The Moretown Select Board invited listers Deborah Feldman and Mike Woods along with the tax map contractor, CAI, to come in to discuss the new tax maps at a July 9 meeting.
Woods explained that after property owners were notified about 120 people had grieved their new maps.
“The town voted several years ago to create new tax maps; it was a two-year process that we contracted with CAI to produce those tax maps. Once we had the hearings and once you (the board) officially accepted the tax maps we started to input the data into the Grand List, noting all the changes and then this spring sent out letters to all the property owners who had some sort of change in their assessment of their land,” said Woods.
Don Butson from CAI explained that people are often alarmed at what they think is their property increasing or shrinking.
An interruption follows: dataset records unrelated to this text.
(* S(x y) = S(y) S(x) *)
lemma antipode_antimult:
  "ev 2 [(0,Antip,0), (0,Mult,0)] = ev 2 [(0,Mult,0), (0,Antip,1), (1,Antip,0), (0,Swap,0)]"
proof -
  have "ev 2 [(0,Antip,0), (0,Mult,0)]
      = ev 2 [(0,Antip,0), (0,Mult,0), (0,AntipInv,1), (0,Antip,1)]"
    by (rule interp_rewrite[OF word_antipode_inv_antipode[symmetric], of 2 _ _ 0 1]) simp_all
  also have "\<dots> = ev 2 [(0,Antip,0), (0,Mult,0), (0,AntipInv,1), (0,Antip,1), (1,AntipInv,0), (1,Antip,0)]"
    by (rule interp_rewrite[OF word_antipode_inv_antipode[symmetric], of 4 _ _ 1 0]) simp_all
  also have "\<dots> = ev 2 [(0,Antip,0), (0,Mult,0), (0,AntipInv,1), (1,AntipInv,0), (0,Antip,1), (1,Antip,0)]"
    by (rule interp_rewrite[OF interp_exchange[of Antip 0 AntipInv], of 3 _ _ 0 0]) simp_all
  also have "\<dots> = ev 2 [(0,Antip,0), (0,AntipInv,0), (0,Mult,0), (0,Swap,0), (0,Antip,1), (1,Antip,0)]"
    by (rule interp_rewrite[OF antipode_inv_antimult_swap, of 1 _ _ 0 0]) simp_all
  also have "\<dots> = ev 2 [(0,Mult,0), (0,Swap,0), (0,Antip,1), (1,Antip,0)]"
    by (rule interp_rewrite[OF word_antipode_antipode_inv, of 0 _ _ 0 0]) simp_all
  also have "\<dots> = ev 2 [(0,Mult,0), (1,Antip,0), (0,Swap,0), (1,Antip,0)]"
    by (rule interp_rewrite[OF word_swap_natural_left[of Antip, simplified], of 1 _ _ 0 0]) simp_all
  also have "\<dots> = ev 2 [(0,Mult,0), (1,Antip,0), (0,Antip,1), (0,Swap,0)]"
    by (rule interp_rewrite[OF word_swap_natural_right[of Antip, simplified], of 2 _ _ 0 0]) simp_all
  also have "\<dots> = ev 2 [(0,Mult,0), (0,Antip,1), (1,Antip,0), (0,Swap,0)]"
    by (rule interp_rewrite[OF interp_exchange[of Antip 0 Antip, symmetric], of 1 _ _ 0 0]) simp_all
  finally show ?thesis .
qed

lemma antipode_antimult_swap:
  "ev 2 [(0,Mult,0), (0,Antip,1), (1,Antip,0)] = ev 2 [(0,Antip,0), (0,Mult,0), (0,Swap,0)]"
proof -
  have "ev 2 [(0,Mult,0), (0,Antip,1), (1,Antip,0)]
      = ev 2 [(0,Mult,0), (0,Antip,1), (1,Antip,0), (0,Swap,0), (0,Swap,0)]"
    by (rule interp_rewrite[OF word_swap_swap[symmetric], of 3 _ _ 0 0]) simp_all
  also have "\<dots> = ev 2 [(0,Antip,0), (0,Mult,0), (0,Swap,0)]"
    by (rule interp_rewrite[OF antipode_antimult[symmetric], of 0 _ _ 0 0]) simp_all
  finally show ?thesis .
qed

lemma antipode_unit:
  "ev 0 [(0,Unit,0)] = ev 0 [(0,Antip,0), (0,Unit,0)]"
proof -
  have "ev 0 [(0,Unit,0)] = ev 0 [(0,Unit,0), (0,Counit,0), (0,Unit,0)]"
    by (rule interp_rewrite[OF word_counit_unit[symmetric], of 1 _ _ 0 0]) simp_all
  also have "\<dots> = ev 0 [(0,Mult,0), (0,Antip,1), (0,Comult,0), (0,Unit,0)]"
    by (rule interp_rewrite[OF word_antipode_left[symmetric], of 0 _ _ 0 0]) simp_all
  also have "\<dots> = ev 0 [(0,Mult,0), (0,Antip,1), (0,Unit,1), (0,Unit,0)]"
    by (rule interp_rewrite[OF word_comult_unit, of 2 _ _ 0 0]) simp_all
  also have "\<dots> = ev 0 [(0,Mult,0), (0,Antip,1), (1,Unit,0), (0,Unit,0)]"
    by (rule interp_rewrite[OF interp_exchange[of Unit 0 Unit], of 2 _ _ 0 0]) simp_all
  also have "\<dots> = ev 0 [(0,Mult,0), (1,Unit,0), (0,Antip,0), (0,Unit,0)]"
    by (rule interp_rewrite[OF interp_exchange[of Antip 0 Unit], of 1 _ _ 0 0]) simp_all
  also have "\<dots> = ev 0 [(0,Antip,0), (0,Unit,0)]"
    by (rule interp_rewrite[OF word_mult_unit_right, of 0 _ _ 0 0]) simp_all
  finally show ?thesis .
qed

lemma antipode_inv_unit:
  "ev 0 [(0,AntipInv,0), (0,Unit,0)] = ev 0 [(0,Unit,0)]"
proof -
  have "ev 0 [(0,AntipInv,0), (0,Unit,0)] = ev 0 [(0,AntipInv,0), (0,Antip,0), (0,Unit,0)]"
    by (rule interp_rewrite[OF antipode_unit, of 1 _ _ 0 0]) simp_all
  also have "\<dots> = ev 0 [(0,Unit,0)]"
    by (rule interp_rewrite[OF word_antipode_inv_antipode, of 0 _ _ 0 0]) simp_all
  finally show ?thesis .
qed

lemma antipode_antimult_Cmp: "Cmp C S mu = Cmp C mu (Cmp C (TnM C S idA) (Cmp C (TnM C idA S) sw))"
  using antipode_antimult by (simp add: word_simps)

end

text \<open>Reversing both composition and tensor product turns a strict symmetric monoidal category
  into another one with the same symmetry, and exchanges the roles of \<open>(m, u, \<Lambda>)\<close> and
  \<open>(\<Delta>, \<epsilon>, \<lambda>)\<close> of an integral Hopf algebra. This duality turns anti-multiplicativity of the
  antipode into anti-comultiplicativity.\<close>

definition op_rev :: "('o,'m) smc \<Rightarrow> ('o,'m) smc" where
  "op_rev C = \<lparr>Ob = Ob C, Ar = Ar C, Dom = Cod C, Cod = Dom C, Idm = Idm C,
     Cmp = (\<lambda>g f. Cmp C f g), TnO = (\<lambda>A B. TnO C B A), TnM = (\<lambda>f g. TnM C g f),
     Unt = Unt C, Sy = Sy C\<rparr>"

definition dual_hopf :: "('o,'m) int_hopf \<Rightarrow> ('o,'m) int_hopf" where
  "dual_hopf H = H\<lparr>hm := hD H, hu := he H, hD := hm H, he := hu H, hL := hl H, hl := hL H\<rparr>"

lemma op_rev_simps[simp]:
  "Ob (op_rev C) = Ob C" "Ar (op_rev C) = Ar C" "Dom (op_rev C) = Cod C" "Cod (op_rev C) = Dom C"
  "Idm (op_rev C) = Idm C" "Cmp (op_rev C) g f = Cmp C f g" "TnO (op_rev C) A B = TnO C B A"
  "TnM (op_rev C) f g = TnM C g f" "Unt (op_rev C) = Unt C" "Sy (op_rev C) = Sy C"
  by (simp_all add: op_rev_def)

lemma hom_op_rev[simp]: "hom (op_rev C) f A B = hom C f B A"
  by (auto simp: hom_def)

lemma dual_hopf_simps[simp]:
  "hob (dual_hopf H) = hob H" "hm (dual_hopf H) = hD H" "hu (dual_hopf H) = he H"
  "hD (dual_hopf H) = hm H" "he (dual_hopf H) = hu H" "hS (dual_hopf H) = hS H"
  "hSi (dual_hopf H) = hSi H" "hL (dual_hopf H) = hl H" "hl (dual_hopf H) = hL H"
  by (simp_all add: dual_hopf_def)

lemma (in strict_smc) strict_smc_op_rev: "strict_symmetric_monoidal_cat (op_rev C)"
  unfolding strict_symmetric_monoidal_cat_def
  by (intro conjI allI impI ballI)
    (simp_all add: Idm_hom Cmp_hom Cmp_assoc_hom Cmp_Idm_hom TnM_hom TnM_Idm TnM_Cmp_hom
      TnM_assoc Sy_hom Sy_natural Sy_Sy Sy_TnO_right Sy_TnO_left)

lemma (in int_hopf_alg) int_hopf_dual: "is_int_hopf (op_rev C) (dual_hopf H)"
  unfolding is_int_hopf_def Let_def is_algebra_def is_coalgebra_def
  using structure_hom antipode_left antipode_right
  by (simp add: mult_assoc mult_unit_left mult_unit_right comult_coassoc comult_counit_left
      comult_counit_right comult_mult comult_unit counit_mult counit_unit antipode_antipode_inv
      antipode_inv_antipode integral cointegral cointegral_integral Cmp_assoc TnM_assoc)

lemma (in int_hopf_alg) antipode_anticomult_Cmp:
  "Cmp C delta S = Cmp C (Cmp C (Cmp C sw (TnM C S idA)) (TnM C idA S)) delta"
proof -
  interpret dual: int_hopf_alg "op_rev C" "dual_hopf H"
    by unfold_locales (simp_all add: strict_smc_op_rev int_hopf_dual)
  show ?thesis using dual.antipode_antimult_Cmp by simp
qed

section \<open>The Frobenius structure\<close>

context int_hopf_alg
begin

(* \<Delta>(S x) = S(x\<^sub>2) \<otimes> S(x\<^sub>1) *)
lemma antipode_anticomult:
  "ev 1 [(0,Comult,0), (0,Antip,0)] = ev 1 [(0,Swap,0), (0,Antip,1), (1,Antip,0), (0,Comult,0)]"
  using antipode_anticomult_Cmp by (simp add: word_simps Cmp_assoc)

lemma antipode_anticomult_swap:
  "ev 1 [(0,Antip,1), (1,Antip,0), (0,Comult,0)] = ev 1 [(0,Swap,0), (0,Comult,0), (0,Antip,0)]"
proof -
  have "ev 1 [(0,Antip,1), (1,Antip,0), (0,Comult,0)]
      = ev 1 [(0,Swap,0), (0,Swap,0), (0,Antip,1), (1,Antip,0), (0,Comult,0)]"
    by (rule interp_rewrite[OF word_swap_swap[symmetric], of 0 _ _ 0 0]) simp_all
  also have "\<dots> = ev 1 [(0,Swap,0), (0,Comult,0), (0,Antip,0)]"
    by (rule interp_rewrite[OF antipode_anticomult[symmetric], of 1 _ _ 0 0]) simp_all
  finally show ?thesis .
qed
“Some people are angry because it went down and they think they lost land and some people are angry it went up because they don’t want to pay more taxes, but it all depends on how you look at it, but the fact is a surveyor will go out and survey a property and they’re not going to come up with what the deed says. Very rarely if ever, but that’s OK because they’re surveyors, they do a lot more record research, more field measurements and it will be more accurate. However, when we just send them a notice and we haven’t talked to them, that’s when they get excited about it,” Butson said.
The listers had a form for residents, a tax map correction form for landowners to challenge the surveys. The listers have made their best efforts to get land information as accurate as they can while also taking into consideration previous surveys, deed descriptions, and overall parcel boundaries. Landowners who disagree with the maps can provide their name, address, phone number and mapping lot and simple reasoning on why they think the survey is wrong, and submit the forms to the Board of Civil Authority (BCA).
“In my opinion, I think when tax bills go out is when a lot more people reflect on the money. I think it’s time to get the grievances done, go to the BCA -- if anyone wants to go to the BCA -- and close up your Grand List. Send your tax bills out; when the tax bills go out and if people have what they think are errors on their tax bills, that’s when you would give them the letters to send to CAI and, hopefully, CAI can reconcile with the property owners. I think the listers have done their due diligence in sending out the letters and hearing all these people,” said town administrator Cheryl Brown.
The listers told the board they felt like they were on track with their work, given the need to have a Grand List set for July 5, at which point the tax rate will be set and tax bills generated. The listers were given until the end of the year to submit any discrepancies and omissions.
The listers have held two rounds of grievances about the new tax maps.